» **WORK TO COMPLETE**
When a line in the records contains the string "proof", copy that line.
*** PROVIDED DATA ***
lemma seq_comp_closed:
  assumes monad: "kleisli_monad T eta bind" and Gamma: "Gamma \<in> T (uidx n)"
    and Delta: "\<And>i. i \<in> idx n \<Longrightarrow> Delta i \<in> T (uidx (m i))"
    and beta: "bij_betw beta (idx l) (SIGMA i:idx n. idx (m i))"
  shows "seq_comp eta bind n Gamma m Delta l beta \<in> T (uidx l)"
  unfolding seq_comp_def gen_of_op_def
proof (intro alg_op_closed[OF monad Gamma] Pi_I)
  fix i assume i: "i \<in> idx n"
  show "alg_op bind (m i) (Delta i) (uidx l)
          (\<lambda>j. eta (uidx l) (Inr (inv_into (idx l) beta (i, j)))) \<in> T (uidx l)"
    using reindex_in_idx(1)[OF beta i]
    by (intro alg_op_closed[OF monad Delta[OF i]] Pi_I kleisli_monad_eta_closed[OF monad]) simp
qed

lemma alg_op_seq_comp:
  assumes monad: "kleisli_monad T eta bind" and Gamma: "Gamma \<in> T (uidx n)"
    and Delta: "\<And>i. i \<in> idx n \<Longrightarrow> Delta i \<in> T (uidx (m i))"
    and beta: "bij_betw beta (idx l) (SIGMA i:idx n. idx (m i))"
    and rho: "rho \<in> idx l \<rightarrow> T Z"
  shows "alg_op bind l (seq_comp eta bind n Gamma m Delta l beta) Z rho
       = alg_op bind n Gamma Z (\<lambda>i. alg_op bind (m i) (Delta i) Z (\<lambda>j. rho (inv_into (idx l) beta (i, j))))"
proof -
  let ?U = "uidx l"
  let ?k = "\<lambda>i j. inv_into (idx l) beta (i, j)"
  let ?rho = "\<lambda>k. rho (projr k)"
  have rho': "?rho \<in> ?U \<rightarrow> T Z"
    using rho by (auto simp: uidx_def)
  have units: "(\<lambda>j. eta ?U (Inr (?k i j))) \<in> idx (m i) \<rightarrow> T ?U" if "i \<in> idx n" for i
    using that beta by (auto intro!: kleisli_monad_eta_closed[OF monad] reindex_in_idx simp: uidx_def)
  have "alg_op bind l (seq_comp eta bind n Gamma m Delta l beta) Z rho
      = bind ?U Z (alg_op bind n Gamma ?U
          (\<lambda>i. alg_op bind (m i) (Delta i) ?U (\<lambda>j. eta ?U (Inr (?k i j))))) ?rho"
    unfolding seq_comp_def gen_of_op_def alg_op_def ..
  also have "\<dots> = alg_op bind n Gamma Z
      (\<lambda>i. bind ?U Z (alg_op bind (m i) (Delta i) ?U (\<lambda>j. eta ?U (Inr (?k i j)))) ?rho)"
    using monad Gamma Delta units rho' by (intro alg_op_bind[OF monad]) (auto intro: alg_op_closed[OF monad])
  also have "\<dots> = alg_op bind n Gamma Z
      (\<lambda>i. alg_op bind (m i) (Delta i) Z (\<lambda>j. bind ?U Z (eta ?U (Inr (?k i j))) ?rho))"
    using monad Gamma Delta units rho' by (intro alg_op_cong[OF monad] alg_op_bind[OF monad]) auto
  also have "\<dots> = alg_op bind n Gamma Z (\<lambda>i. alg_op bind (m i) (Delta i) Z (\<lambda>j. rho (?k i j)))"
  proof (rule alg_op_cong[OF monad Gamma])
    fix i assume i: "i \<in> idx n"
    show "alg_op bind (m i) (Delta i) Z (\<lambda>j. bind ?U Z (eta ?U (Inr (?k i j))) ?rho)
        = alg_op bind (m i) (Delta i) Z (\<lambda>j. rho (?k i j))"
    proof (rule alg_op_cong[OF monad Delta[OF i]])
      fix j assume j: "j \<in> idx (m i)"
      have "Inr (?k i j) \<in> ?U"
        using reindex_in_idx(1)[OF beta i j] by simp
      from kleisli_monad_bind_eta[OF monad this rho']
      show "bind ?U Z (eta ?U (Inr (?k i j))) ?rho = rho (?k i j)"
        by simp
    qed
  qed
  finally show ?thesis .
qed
*** End of PROVIDED DATA ***
*** PROVIDED DATA ***
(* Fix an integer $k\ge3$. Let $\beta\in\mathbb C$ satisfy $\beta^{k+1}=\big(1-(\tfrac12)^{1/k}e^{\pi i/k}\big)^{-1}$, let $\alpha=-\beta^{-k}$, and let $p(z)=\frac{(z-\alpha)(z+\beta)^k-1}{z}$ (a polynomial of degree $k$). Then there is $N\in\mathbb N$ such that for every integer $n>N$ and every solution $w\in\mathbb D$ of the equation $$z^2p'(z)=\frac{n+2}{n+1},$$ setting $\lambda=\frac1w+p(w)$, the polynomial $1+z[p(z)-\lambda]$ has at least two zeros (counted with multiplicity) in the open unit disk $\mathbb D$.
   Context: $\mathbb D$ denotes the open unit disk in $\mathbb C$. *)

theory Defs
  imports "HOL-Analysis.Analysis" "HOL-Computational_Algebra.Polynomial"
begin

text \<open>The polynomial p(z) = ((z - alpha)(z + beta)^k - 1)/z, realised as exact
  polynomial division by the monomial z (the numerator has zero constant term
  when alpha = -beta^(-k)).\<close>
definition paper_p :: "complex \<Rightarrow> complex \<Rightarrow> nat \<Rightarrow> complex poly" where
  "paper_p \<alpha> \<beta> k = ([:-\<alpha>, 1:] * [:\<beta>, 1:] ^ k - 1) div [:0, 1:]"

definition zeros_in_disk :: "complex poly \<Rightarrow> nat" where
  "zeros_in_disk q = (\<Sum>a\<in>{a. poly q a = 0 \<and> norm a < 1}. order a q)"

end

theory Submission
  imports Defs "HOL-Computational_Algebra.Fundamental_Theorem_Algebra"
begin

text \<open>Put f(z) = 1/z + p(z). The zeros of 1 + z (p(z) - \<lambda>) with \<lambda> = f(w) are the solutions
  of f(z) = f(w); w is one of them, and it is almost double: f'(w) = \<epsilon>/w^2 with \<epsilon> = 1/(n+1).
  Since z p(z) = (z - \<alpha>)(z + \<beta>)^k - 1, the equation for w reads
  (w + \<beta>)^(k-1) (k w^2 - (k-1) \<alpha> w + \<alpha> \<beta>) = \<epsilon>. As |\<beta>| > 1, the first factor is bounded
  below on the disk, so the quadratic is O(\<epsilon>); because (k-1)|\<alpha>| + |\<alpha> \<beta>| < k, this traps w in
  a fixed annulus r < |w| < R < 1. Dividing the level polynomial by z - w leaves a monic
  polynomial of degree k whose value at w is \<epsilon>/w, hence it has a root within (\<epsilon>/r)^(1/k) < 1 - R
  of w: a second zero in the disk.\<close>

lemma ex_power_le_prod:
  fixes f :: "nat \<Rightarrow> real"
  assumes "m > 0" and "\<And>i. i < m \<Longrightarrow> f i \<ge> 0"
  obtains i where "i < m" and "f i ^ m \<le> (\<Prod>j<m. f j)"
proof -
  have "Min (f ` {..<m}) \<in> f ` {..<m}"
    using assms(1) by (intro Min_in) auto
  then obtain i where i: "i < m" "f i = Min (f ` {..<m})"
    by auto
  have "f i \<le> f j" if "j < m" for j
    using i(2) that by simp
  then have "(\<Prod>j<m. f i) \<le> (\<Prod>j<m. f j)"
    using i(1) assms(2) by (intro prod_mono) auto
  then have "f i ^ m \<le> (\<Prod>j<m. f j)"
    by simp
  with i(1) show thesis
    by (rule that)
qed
*** End of PROVIDED DATA ***
*** PROVIDED DATA ***
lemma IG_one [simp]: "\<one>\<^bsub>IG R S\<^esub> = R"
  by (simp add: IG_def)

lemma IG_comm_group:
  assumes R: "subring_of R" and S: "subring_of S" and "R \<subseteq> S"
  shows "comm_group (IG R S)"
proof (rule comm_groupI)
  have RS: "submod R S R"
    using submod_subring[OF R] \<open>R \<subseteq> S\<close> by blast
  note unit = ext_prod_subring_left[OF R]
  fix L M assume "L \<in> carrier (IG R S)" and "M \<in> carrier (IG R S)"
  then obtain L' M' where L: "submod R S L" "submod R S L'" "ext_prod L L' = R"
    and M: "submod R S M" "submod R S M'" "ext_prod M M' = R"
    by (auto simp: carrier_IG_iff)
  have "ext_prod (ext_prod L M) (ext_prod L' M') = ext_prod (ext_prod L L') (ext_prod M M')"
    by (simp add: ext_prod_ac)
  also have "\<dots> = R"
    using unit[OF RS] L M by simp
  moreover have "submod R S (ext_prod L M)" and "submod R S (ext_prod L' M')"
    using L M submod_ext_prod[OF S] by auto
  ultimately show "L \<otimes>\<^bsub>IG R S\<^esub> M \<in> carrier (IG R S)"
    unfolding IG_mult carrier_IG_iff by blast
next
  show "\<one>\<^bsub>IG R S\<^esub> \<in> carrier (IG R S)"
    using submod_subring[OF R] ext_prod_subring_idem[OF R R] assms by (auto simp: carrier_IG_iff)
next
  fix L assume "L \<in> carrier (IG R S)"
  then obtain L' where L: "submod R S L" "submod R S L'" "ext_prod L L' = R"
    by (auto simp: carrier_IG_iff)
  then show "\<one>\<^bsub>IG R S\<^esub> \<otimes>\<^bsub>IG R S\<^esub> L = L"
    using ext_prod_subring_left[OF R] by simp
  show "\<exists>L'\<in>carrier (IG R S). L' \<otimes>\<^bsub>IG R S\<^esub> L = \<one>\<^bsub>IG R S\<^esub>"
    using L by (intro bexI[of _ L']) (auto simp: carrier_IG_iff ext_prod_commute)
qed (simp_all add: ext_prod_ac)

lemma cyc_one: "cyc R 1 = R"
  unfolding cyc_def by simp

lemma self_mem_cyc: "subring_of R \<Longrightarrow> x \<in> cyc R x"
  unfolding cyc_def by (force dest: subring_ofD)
*** End of PROVIDED DATA ***
» **TASK RESULT**
proof (intro alg_op_closed[OF monad Gamma] Pi_I)
proof -
  proof (rule alg_op_cong[OF monad Gamma])
    proof (rule alg_op_cong[OF monad Delta[OF i]])
proof -
proof (rule comm_groupI)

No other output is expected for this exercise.